The trouble is this. While Spirit offers ready-made semantic actions for parsing primitives, it doesn't seem to offer anything terribly useful for compound statements. As far as I can tell, you can define your own semantic actions but they simply take in the matched string as an argument----there's no way to get at the values parsed on that level.
For example, let's say I have a type struct Person { string name; double height; int age; Person(string n, double h, int a) : name(n), height(h), age(a) };
And I have a document containing
5.5 15 Henry 4.6 32 Jane 6.1 21 Bob
I could parse this using
rule<> personrule = strict_real_p >> int_p >> ~eol_p; parse(str, *(personrule[WhatGoesHere] >> eol_p) >> end_p);
But how can I build a vector<Person> out of this? I can write my own functor to do the push_back, but I need to get at the parsed values of name, age, and height for each personrule somehow.

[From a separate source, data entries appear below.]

(* Let $k$ and $n$ be sufficiently large and let $\Phi$ be a $k$-CNF on $x_1,\dots,x_n$ with $m$ clauses that is quasirandom. Then $\mathrm{suc}\big(\Phi,\lceil\exp(n/k^2)\rceil\big)\leq \exp(-n/k^2)$.
   Context: Let $\Phi=\Phi_1\wedge\dots\wedge\Phi_m$ be a $k$-CNF on $x_1,\dots,x_n$, with clauses $\Phi_i=\Phi_{i1}\vee\dots\vee\Phi_{ik}$; for a literal $l$, $|l|$ is its underlying variable. Set $\rho=2^{-k}m/n$ and $\kappa=\ln k/k$. For $\sigma\in\{0,1\}^n$, $U_\Phi(\sigma)$ is the set of indices of clauses unsatisfied by $\sigma$ and $\mathcal U_\Phi(\sigma)=|U_\Phi(\sigma)|$. $T(\Phi)=\{\tau\in\{0,1\}^n:\mathcal U_\Phi(\tau)\le n\rho/10\}$. $\mathrm{dist}$ is Hamming distance, and $\Delta(\sigma,\tau)=\{x: \sigma(x)\ne\tau(x)\}$. For $r_1,r_2\ge0$, $\mathcal D_\sigma(r_1,r_2)=\{\tau\in\{0,1\}^n:\lfloor r_1\kappa n\rfloor\le \mathrm{dist}(\sigma,\tau)\le\lfloor r_2\kappa n\rfloor\}$. For $W\subseteq\{x_1,\dots,x_n\}$, $X_\Phi(W,\sigma)=\sum_{i\in U_\Phi(\sigma)}\sum_{j\in[k]}\mathbf 1\{|\Phi_{ij}|\in W\}$. A mist of $\Phi$ is a set $\mathcal M\subseteq T(\Phi)$ such that (MI1) distinct elements of $\mathcal M$ have Hamming distance at least $2\kappa n$, and (MI2) for every $\sigma\in T(\Phi)$ there is $\mu\in\mathcal M$ with $\mathrm{dist}(\mu,\sigma)\le 2\kappa n$. Let $\mathcal D(\Phi,\mathcal M)=\bigcup_{\sigma\in\mathcal M}\mathcal D_\sigma(0,10)$. $\Phi$ is quasirandom if there is a mist $\mathcal M$ with: (Q1) $|\mathcal D(\Phi,\mathcal M)|\le 2^n\exp(-2n/k^2)$; (Q2) for every $\tau\in\{0,1\}^n$, $|\mathcal M\cap\mathcal D_\tau(0,10)|\le k$; (Q3) for every $\mu\in\mathcal M$ and every $\sigma\in\mathcal D_\mu(0,100)\setminus T(\Phi)$, $X_\Phi(\Delta(\mu,\sigma),\sigma)\le k\,\mathcal U_\Phi(\sigma)/10$. Walksat$(\Phi,\omega)$: choose $\sigma^{[0]}$ uniformly at random; for $i=0,\dots,\omega$, if $\sigma^{[i]}$ satisfies $\Phi$ output it and halt, else pick $i'\in U_\Phi(\sigma^{[i]})$ and $j\in[k]$ uniformly at random and flip the variable $|\Phi_{i'j}|$ to get $\sigma^{[i+1]}$; otherwise output failure. $\mathrm{suc}(\Phi,\omega)$ is the probability over the algorithm's randomness that it finds a satisfying assignment. *)

theory Defs
  imports "HOL-Probability.Probability"
begin

text \<open>Variables are x_0,...,x_{n-1} (indices < n). An assignment sigma in {0,1}^n is
  represented by the set of variables it sets to true (a subset of {..<n}).
  A literal is a pair (v, b): variable v, satisfied iff the value of v equals b.\<close>

type_synonym lit = "nat \<times> bool"
type_synonym cnf = "lit list list"

definition lit_sat :: "nat set \<Rightarrow> lit \<Rightarrow> bool" where
  "lit_sat \<sigma> l = ((fst l \<in> \<sigma>) = snd l)"

definition is_kCNF :: "nat \<Rightarrow> nat \<Rightarrow> cnf \<Rightarrow> bool" where
  "is_kCNF n k \<Phi> = (\<forall>c\<in>set \<Phi>. length c = k \<and> (\<forall>l\<in>set c. fst l < n))"

definition unsat :: "cnf \<Rightarrow> nat set \<Rightarrow> nat set" where
  "unsat \<Phi> \<sigma> = {i. i < length \<Phi> \<and> \<not> (\<exists>l\<in>set (\<Phi> ! i). lit_sat \<sigma> l)}"

definition symdiff :: "nat set \<Rightarrow> nat set \<Rightarrow> nat set" where
  "symdiff \<sigma> \<tau> = (\<sigma> - \<tau>) \<union> (\<tau> - \<sigma>)"

definition hdist :: "nat set \<Rightarrow> nat set \<Rightarrow> nat" where
  "hdist \<sigma> \<tau> = card (symdiff \<sigma> \<tau>)"

definition rho :: "nat \<Rightarrow> nat \<Rightarrow> nat \<Rightarrow> real" where
  "rho n k m = real m / (2 ^ k * real n)"

definition kappa :: "nat \<Rightarrow> real" where
  "kappa k = ln (real k) / real k"

definition Tset :: "nat \<Rightarrow> nat \<Rightarrow> cnf \<Rightarrow> nat set set" where
  "Tset n k \<Phi> = {\<tau> \<in> Pow {..<n}.
      real (card (unsat \<Phi> \<tau>)) \<le> real n * rho n k (length \<Phi>) / 10}"

definition Dball :: "nat \<Rightarrow> nat \<Rightarrow> nat set \<Rightarrow> real \<Rightarrow> real \<Rightarrow> nat set set" where
  "Dball n k \<sigma> r1 r2 = {\<tau> \<in> Pow {..<n}.
      \<lfloor>r1 * kappa k * real n\<rfloor> \<le> int (hdist \<sigma> \<tau>) \<and>
      int (hdist \<sigma> \<tau>) \<le> \<lfloor>r2 * kappa k * real n\<rfloor>}"

definition Xcount :: "cnf \<Rightarrow> nat set \<Rightarrow> nat set \<Rightarrow> nat" where
  "Xcount \<Phi> W \<sigma> = (\<Sum>i\<in>unsat \<Phi> \<sigma>. \<Sum>j<length (\<Phi> ! i).
      (if fst (\<Phi> ! i ! j) \<in> W then 1 else 0))"

definition is_mist :: "nat \<Rightarrow> nat \<Rightarrow> cnf \<Rightarrow> nat set set \<Rightarrow> bool" where
  "is_mist n k \<Phi> M =
     (M \<subseteq> Tset n k \<Phi> \<and>
      (\<forall>\<mu>\<in>M. \<forall>\<nu>\<in>M. \<mu> \<noteq> \<nu> \<longrightarrow> real (hdist \<mu> \<nu>) \<ge> 2 * kappa k * real n) \<and>
      (\<forall>\<sigma>\<in>Tset n k \<Phi>. \<exists>\<mu>\<in>M. real (hdist \<mu> \<sigma>) \<le> 2 * kappa k * real n))"

definition Dmist :: "nat \<Rightarrow> nat \<Rightarrow> nat set set \<Rightarrow> nat set set" where
  "Dmist n k M = (\<Union>\<sigma>\<in>M. Dball n k \<sigma> 0 10)"

definition quasirandom :: "nat \<Rightarrow> nat \<Rightarrow> cnf \<Rightarrow> bool" where
  "quasirandom n k \<Phi> =
     (\<exists>M. is_mist n k \<Phi> M \<and>
        real (card (Dmist n k M)) \<le> 2 ^ n * exp (- 2 * real n / real k ^ 2) \<and>
        (\<forall>\<tau>\<in>Pow {..<n}. card (M \<inter> Dball n k \<tau> 0 10) \<le> k) \<and>
        (\<forall>\<mu>\<in>M. \<forall>\<sigma>\<in>Dball n k \<mu> 0 100 - Tset n k \<Phi>.
           real (Xcount \<Phi> (symdiff \<mu> \<sigma>) \<sigma>) \<le> real k * real (card (unsat \<Phi> \<sigma>)) / 10))"

text \<open>Once a satisfying assignment is reached the chain stays there
  (corresponding to the algorithm halting), so the algorithm succeeds within
  omega flips iff the state after omega steps satisfies Phi.\<close>

definition flip :: "nat set \<Rightarrow> nat \<Rightarrow> nat set" where
  "flip \<sigma> v = (if v \<in> \<sigma> then \<sigma> - {v} else insert v \<sigma>)"

definition ws_step :: "cnf \<Rightarrow> nat set \<Rightarrow> nat set pmf" where
  "ws_step \<Phi> \<sigma> =
     (if unsat \<Phi> \<sigma> = {} then return_pmf \<sigma>
      else map_pmf (\<lambda>(i, j). flip \<sigma> (fst (\<Phi> ! i ! j)))
             (pmf_of_set (SIGMA i:unsat \<Phi> \<sigma>. {..<length (\<Phi> ! i)})))"

primrec ws_run :: "nat \<Rightarrow> cnf \<Rightarrow> nat \<Rightarrow> nat set pmf" where
  "ws_run n \<Phi> 0 = pmf_of_set (Pow {..<n})"
| "ws_run n \<Phi> (Suc t) = bind_pmf (ws_run n \<Phi> t) (ws_step \<Phi>)"

definition suc_prob :: "nat \<Rightarrow> cnf \<Rightarrow> nat \<Rightarrow> real" where
  "suc_prob n \<Phi> \<omega> = measure_pmf.prob (ws_run n \<Phi> \<omega>) {\<sigma>. unsat \<Phi> \<sigma> = {}}"

end

theory Submission
  imports Defs
begin

text \<open>Walksat is tracked through the potential
  \<open>G(\<sigma>) = min 1 (\<Sum>\<mu>\<in>M. 3^(c - dist(\<mu>,\<sigma>)) [dist(\<mu>,\<sigma>) \<le> D])\<close>,
  with radius \<open>D \<approx> 10\<kappa>n\<close> and \<open>c = 2\<kappa>n\<close>. By (MI2), \<open>G = 1\<close> on \<open>T(\<Phi>)\<close>, which contains
  every satisfying assignment, so the success probability is at most the expectation of \<open>G\<close>
  after \<open>\<omega>\<close> steps. Initially this expectation is at most \<open>|D(\<Phi>,M)|/2^n\<close> (Q1). Off \<open>T(\<Phi>)\<close>,
  (Q3) says at most a tenth of the possible flips move towards a given \<open>\<mu>\<close>, so its term does
  not grow in expectation (\<open>3/10 + 9/10 \<cdot> 1/3 < 1\<close>); only points entering the ball from
  distance \<open>D + 1\<close> add mass, at most \<open>k \<cdot> 3^(c-D)\<close> per step by (Q2). Summing over
  \<open>\<omega> \<approx> exp(n/k\<^sup>2)\<close> steps, the total stays below \<open>exp(-n/k\<^sup>2)\<close>.\<close>

lemma hdist_commute: "hdist \<sigma> \<tau> = hdist \<tau> \<sigma>"
  unfolding hdist_def symdiff_def by (simp add: Un_commute)

lemma hdist_flip:
  assumes "finite \<mu>" "finite \<sigma>"
  shows "hdist \<mu> (flip \<sigma> v) =
    (if v \<in> symdiff \<mu> \<sigma> then hdist \<mu> \<sigma> - 1 else Suc (hdist \<mu> \<sigma>))"
proof -
  have "finite (symdiff \<mu> \<sigma>)" using assms unfolding symdiff_def by auto
  moreover have "symdiff \<mu> (flip \<sigma> v) =
      (if v \<in> symdiff \<mu> \<sigma> then symdiff \<mu> \<sigma> - {v} else insert v (symdiff \<mu> \<sigma>))"
    unfolding symdiff_def flip_def by auto
  ultimately show ?thesis unfolding hdist_def by auto
qed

I suppose I *could* just run another parse() on the input the semantic action for that specific person....but that really seems like it shouldn't be necessary.
You are using Spirit.Classic, you should use Spirit.QI (Boost trunk, docs are at: http://svn.boost.org/svn/boost/trunk/libs/spirit/doc/html/index.html ), then you can do it easy, like so: BOOST_FUSION_ADAPT_STRUCT(Person (double,height) (int,age) (string,name) ) rule<YourIteratorType> personrule; personrule %= double_ >> int_ >> raw[lexeme[*(char_-eol)]]; std::vector<Person> theVec; parse(str.begin(),str.end(), *personrule, theVec); This is also better to ask on the spirit mailing list. :)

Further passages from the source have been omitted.